Whatever his formal title, it's hard to think of Sachs as anything other than Geithner's senior financial official--a position he'll retain for the foreseeable future. He is buying a house in Washington, and his family will move down from Westchester later this summer. Sachs is also staffing up--he now oversees a staff of a half-dozen aides, most of them plucked from Wall Street. (The team was deeply involved in the mid-July decision to withhold additional aid from CIT, the bank holding company then on the verge of collapse.)
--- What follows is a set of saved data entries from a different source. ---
lemma fwd_slack_step:
  assumes n: "n \<ge> 2" and step: "lam_step n s x y"
    and "(int n - 1) * (p - x) \<le> int s + fwd_slack n ((int s - x) mod int n)"
  shows "(int n - 1) * (p - y) \<le> int (Suc s) + fwd_slack n ((int (Suc s) - y) mod int n)"
proof -
  define r where "r = (int s - x) mod int n"
  define r' where "r' = (int (Suc s) - y) mod int n"
  have r: "0 \<le> r" "r < int n" using n by (simp_all add: r_def)
  have bound: "(int n - 1) * (p - x) \<le> int s + fwd_slack n r" using assms(3) by (simp add: r_def)
  have "(int n - 1) * (p - y) \<le> int (Suc s) + fwd_slack n r'"
  proof (cases rule: lam_step_phase_cases[OF n step r_def r'_def, case_names stay ride jump])
    case stay
    then have "fwd_slack n r \<le> 1 + fwd_slack n r'" using r by (auto simp: fwd_slack_def)
    then show ?thesis using bound stay by simp
  next
    case ride
    have "(int n - 1) * (p - y) = (int n - 1) * (p - x) - (int n - 1)"
      using ride by (simp add: algebra_simps)
    then show ?thesis using bound ride n by (simp add: fwd_slack_def)
  next
    case jump
    have "(int n - 1) * (p - y) = (int n - 1) * (p - x) + (int n - 1)"
      unfolding \<open>y = x - 1\<close> by (simp add: algebra_simps)
    then show ?thesis using bound jump n by (simp add: fwd_slack_def)
  qed
  then show ?thesis by (simp add: r'_def)
qed

lemma bwd_slack_step:
  assumes n: "n \<ge> 2" and step: "lam_step n s x y"
    and "(int n - 1) * (y - p) \<le> K - int (Suc s) + bwd_slack ((int (Suc s) - y) mod int n)"
  shows "(int n - 1) * (x - p) \<le> K - int s + bwd_slack ((int s - x) mod int n)"
proof -
  define r where "r = (int s - x) mod int n"
  define r' where "r' = (int (Suc s) - y) mod int n"
  have r: "0 \<le> r" "r < int n" using n by (simp_all add: r_def)
  have bound: "(int n - 1) * (y - p) \<le> K - int (Suc s) + bwd_slack r'"
    using assms(3) by (simp add: r'_def)
  have "(int n - 1) * (x - p) \<le> K - int s + bwd_slack r"
  proof (cases rule: lam_step_phase_cases[OF n step r_def r'_def, case_names stay ride jump])
    case stay
    then have "bwd_slack r' \<le> bwd_slack r + 1" using r by (auto simp: bwd_slack_def)
    then show ?thesis using bound stay by simp
  next
    case ride
    have "(int n - 1) * (y - p) = (int n - 1) * (x - p) + (int n - 1)"
      using ride by (simp add: algebra_simps)
    then show ?thesis using bound ride n by (simp add: bwd_slack_def)
  next
    case jump
    have "(int n - 1) * (y - p) = (int n - 1) * (x - p) - (int n - 1)"
      unfolding \<open>y = x - 1\<close> by (simp add: algebra_simps)
    then show ?thesis using bound jump n by (simp add: bwd_slack_def)
  qed
  then show ?thesis by (simp add: r_def)
qed

lemma lam_walk_descent_fwd:
  fixes P :: "nat \<Rightarrow> int"
  assumes n: "n \<ge> 2" and walk: "\<And>s. s < l \<Longrightarrow> lam_step n s (P s) (P (Suc s))"
  shows "(int n - 1) * (P 0 - P l) \<le> int l + fwd_slack n ((int l - P l) mod int n)"
  using walk
proof (induction l)
  case 0
  show ?case using n by (simp add: fwd_slack_def)
next
  case (Suc l)
  then have "(int n - 1) * (P 0 - P l) \<le> int l + fwd_slack n ((int l - P l) mod int n)"
    by simp
  from fwd_slack_step[OF n Suc.prems[OF lessI] this] show ?case by simp
qed

lemma lam_walk_descent_bwd:
  fixes P :: "nat \<Rightarrow> int"
  assumes n: "n \<ge> 2" and walk: "\<And>s. s < N \<Longrightarrow> lam_step n s (P s) (P (Suc s))"
    and "s \<le> N"
  shows "(int n - 1) * (P s - P N) \<le> int N - int s + bwd_slack ((int s - P s) mod int n)"
  using \<open>s \<le> N\<close>
proof (induction s rule: inc_induct)
  case base
  have "0 \<le> (int N - P N) mod int n" using n by simp
  then show ?case by (auto simp: bwd_slack_def)
next
  case (step s)
  then show ?case using bwd_slack_step[OF n walk[OF \<open>s < N\<close>]] by simp
qed

lemma lam_walks_adjacent_gap:
  fixes P Q :: "nat \<Rightarrow> int"
  assumes n: "n \<ge> 2" and N: "N = n * (n - 1)" and t: "t < N"
    and walk_P: "\<And>s. s < N \<Longrightarrow> lam_step n s (P s) (P (Suc s))"
    and closed_P: "P N = P 0" and P_t: "P t = int t"
    and walk_Q: "\<And>s. s < N \<Longrightarrow> lam_step n s (Q s) (Q (Suc s))"
    and closed_Q: "Q N = Q 0" and Q_t: "Q t = int t + 1"
  shows "Q 0 - P 0 \<le> int n" and "P 0 - Q 0 \<le> int n - 1"
proof -
  have NN: "int N = (int n - 1) * int n" using n by (simp add: N of_nat_diff algebra_simps)
  have minus_one: "(- 1) mod int n = int n - 1" using n by (simp add: zmod_minus1)
  have P_fwd: "(int n - 1) * (P 0 - int t) \<le> int t"
    using lam_walk_descent_fwd[OF n walk_P, of t] t P_t by (simp add: fwd_slack_def)
  have Q_fwd: "(int n - 1) * (Q 0 - (int t + 1)) \<le> int t"
    using lam_walk_descent_fwd[OF n walk_Q, of t] t Q_t minus_one n by (simp add: fwd_slack_def)
  have Q_bwd: "(int n - 1) * (int t + 1 - Q 0) \<le> int N - int t + (int n - 2)"
    using lam_walk_descent_bwd[OF n walk_Q, where s = t and N = N] t Q_t closed_Q minus_one n
    by (simp add: bwd_slack_def)
  have P_bwd: "(int n - 1) * (int t - P 0) \<le> int N - int t - 1"
  proof -
    \<comment> \<open>From phase 0 the walk cannot descend, and it lands at phase 0 or 1, where
      \<open>bwd_slack\<close> vanishes; starting the backward count at t itself would lose a letter.\<close>
    obtain up: "int t \<le> P (Suc t)"
      and slack: "bwd_slack ((int (Suc t) - P (Suc t)) mod int n) = 0"
      by (cases rule: lam_step_phase_cases[OF n walk_P[OF t] refl refl])
        (use P_t n in \<open>auto simp: bwd_slack_def\<close>)
    have "(int n - 1) * (int t - P 0) \<le> (int n - 1) * (P (Suc t) - P 0)"
      using up n by (intro mult_left_mono) auto
    also have "\<dots> \<le> int N - int (Suc t)"
      using lam_walk_descent_bwd[OF n walk_P, where s = "Suc t" and N = N] t closed_P slack
      by simp
    finally show ?thesis by simp
  qed
  have "(int n - 1) * (Q 0 - P 0 - 1) < (int n - 1) * int n"
    using P_bwd Q_fwd NN by (simp add: algebra_simps)
  then show "Q 0 - P 0 \<le> int n" using n by (simp add: mult_less_cancel_left_pos)
  have "(int n - 1) * (P 0 - Q 0 + 1) < (int n - 1) * (int n + 1)"
    using P_fwd Q_bwd NN by (simp add: algebra_simps)
  then show "P 0 - Q 0 \<le> int n - 1" using n by (simp add: mult_less_cancel_left_pos)
qed

lemma lam_letter_Suc_involutive:
  assumes "n \<ge> 2"
  shows "lam_letter n (Suc s) \<circ> lam_letter n (Suc s) = id"
proof
  fix x
  let ?\<sigma> = "lam_letter n (Suc s)" and ?m = "int n"
  have distinct: "int s mod ?m \<noteq> (int s + 1) mod ?m"
  proof
    assume "int s mod ?m = (int s + 1) mod ?m"
    then have "?m dvd 1" by (simp add: mod_eq_dvd_iff dvd_diff_commute)
    with assms show False by simp
  qed
  consider "x mod ?m = int s mod ?m" | "x mod ?m = (int s + 1) mod ?m"
    | "x mod ?m \<noteq> int s mod ?m" "x mod ?m \<noteq> (int s + 1) mod ?m"
    by blast
  then show "(?\<sigma> \<circ> ?\<sigma>) x = id x"
  proof cases
    case 1
    then have "(x + 1) mod ?m = (int s + 1) mod ?m" by (metis mod_add_left_eq)
    then show ?thesis using 1 distinct by (simp add: lam_letter_Suc_apply)
  next
    case 2
    then have "(x - 1) mod ?m = int s mod ?m" by (metis mod_diff_left_eq add_diff_cancel_right')
    then show ?thesis using 2 distinct by (simp add: lam_letter_Suc_apply)
  next
    case 3
    then show ?thesis by (simp add: lam_letter_Suc_apply)
  qed
qed

lemma subword_lam_letter:
  assumes "is_subword_lam n u" and "k < length u"
  shows "u ! k = lam_letter n (Suc k) \<or> u ! k = id"
  using assms by (simp add: is_subword_lam_def)

lemma subword_lam_letter_involutive:
  assumes "is_subword_lam n u" and "n \<ge> 2" and "k < length u"
  shows "u ! k \<circ> u ! k = id"
  using subword_lam_letter[OF assms(1,3)] lam_letter_Suc_involutive[OF assms(2)] by auto

lemma uprefix_Suc:
  assumes "t < length u"
  shows "uprefix u (Suc t) = uprefix u t \<circ> u ! t"
proof -
  have foldr_comp: "foldr (\<circ>) fs g = foldr (\<circ>) fs id \<circ> g" for fs and g :: "int \<Rightarrow> int"
    by (induction fs) auto
  show ?thesis
    using assms foldr_comp[of "take t u" "u ! t"]
    by (simp add: uprefix_def take_Suc_conv_app_nth)
qed

lemma bij_uprefix:
  assumes "is_subword_lam n u" and "n \<ge> 2"
  shows "bij (uprefix u t)"
proof -
  have "bij (foldr (\<circ>) fs id)" if "\<forall>f \<in> set fs. bij f" for fs :: "(int \<Rightarrow> int) list"
    using that by (induction fs) (auto intro: bij_comp)
  moreover have "bij f" if "f \<in> set u" for f
    using that subword_lam_letter_involutive[OF assms] o_bij
    by (metis in_set_conv_nth)
  ultimately show ?thesis
    unfolding uprefix_def by (meson in_set_takeD)
qed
The heavy reliance on informal counselors like Sachs does raise basic questions of accountability. For example, Treasury recently announced the nine money managers with whom it will partner to purchase toxic assets. The arrangement could prove highly lucrative, and competition for the slots was intense--Treasury received more than 100 applications. Given the potential for conflicts of interest, and the fact that we won't always have someone as widely respected as Sachs designing such a program, it might be nice if the person in his position had to undergo a full Senate scrubbing. (In fairness, Treasury's career staff vetted the applications and made the actual decisions.)

On the other hand, there's a reason Geithner has leaned so heavily on his counselors: His department simply lacks a reserve of financial-market expertise, even when fully staffed. Compared with the finance ministries of other countries, Treasury's regulatory role has traditionally been weak. That's made it a less than desirable destination for sharp Wall Street minds looking for public sector work. "Think about what the Treasury Department's here for," says one official. "To pay the bills, issue debt, collect taxes, that sort of thing. Institutionally, were we prepared to design a convertible-preferred security?"

Until recently, Treasury's lack of Wall Street heft wasn't necessarily a problem: Postwar recessions occurred when the Fed raised interest rates to prevent the economy from overheating, not when a bubble burst. But, as both Summers and Krugman have pointed out, recent recessions have followed progressively more serious financial turmoil--the S&L crisis of the late 1980s, the dot-com bust in 2000, and the current real-estate collapse. These recessions render the old playbook of lower interest rates and fiscal stimulus less effective and require a far more intricate government response.

Inevitably, it's Treasury that must lead in this terrifying new order. Which is why its limitations have become so glaring. "The Pentagon is geared up to fight two wars at once, that's the mission. The White House is a crisis management operation, it runs twenty-four hours a day," says one Treasury official. "We want that capability." And so, once the dust settles, Geithner is determined to put Treasury on a Pentagon-style footing. "One of things I hope to be able to do is leave a stronger institutional architecture in domestic finance with more depth in the career staff, more weight, more full-scale expertise in markets, regulatory policy, economics, the legal financial area," he told me. When that day comes, you probably still won't see much of Lee Sachs. But you can bet he'll be manning the situation room.

Noam Scheiber is a senior editor at The New Republic.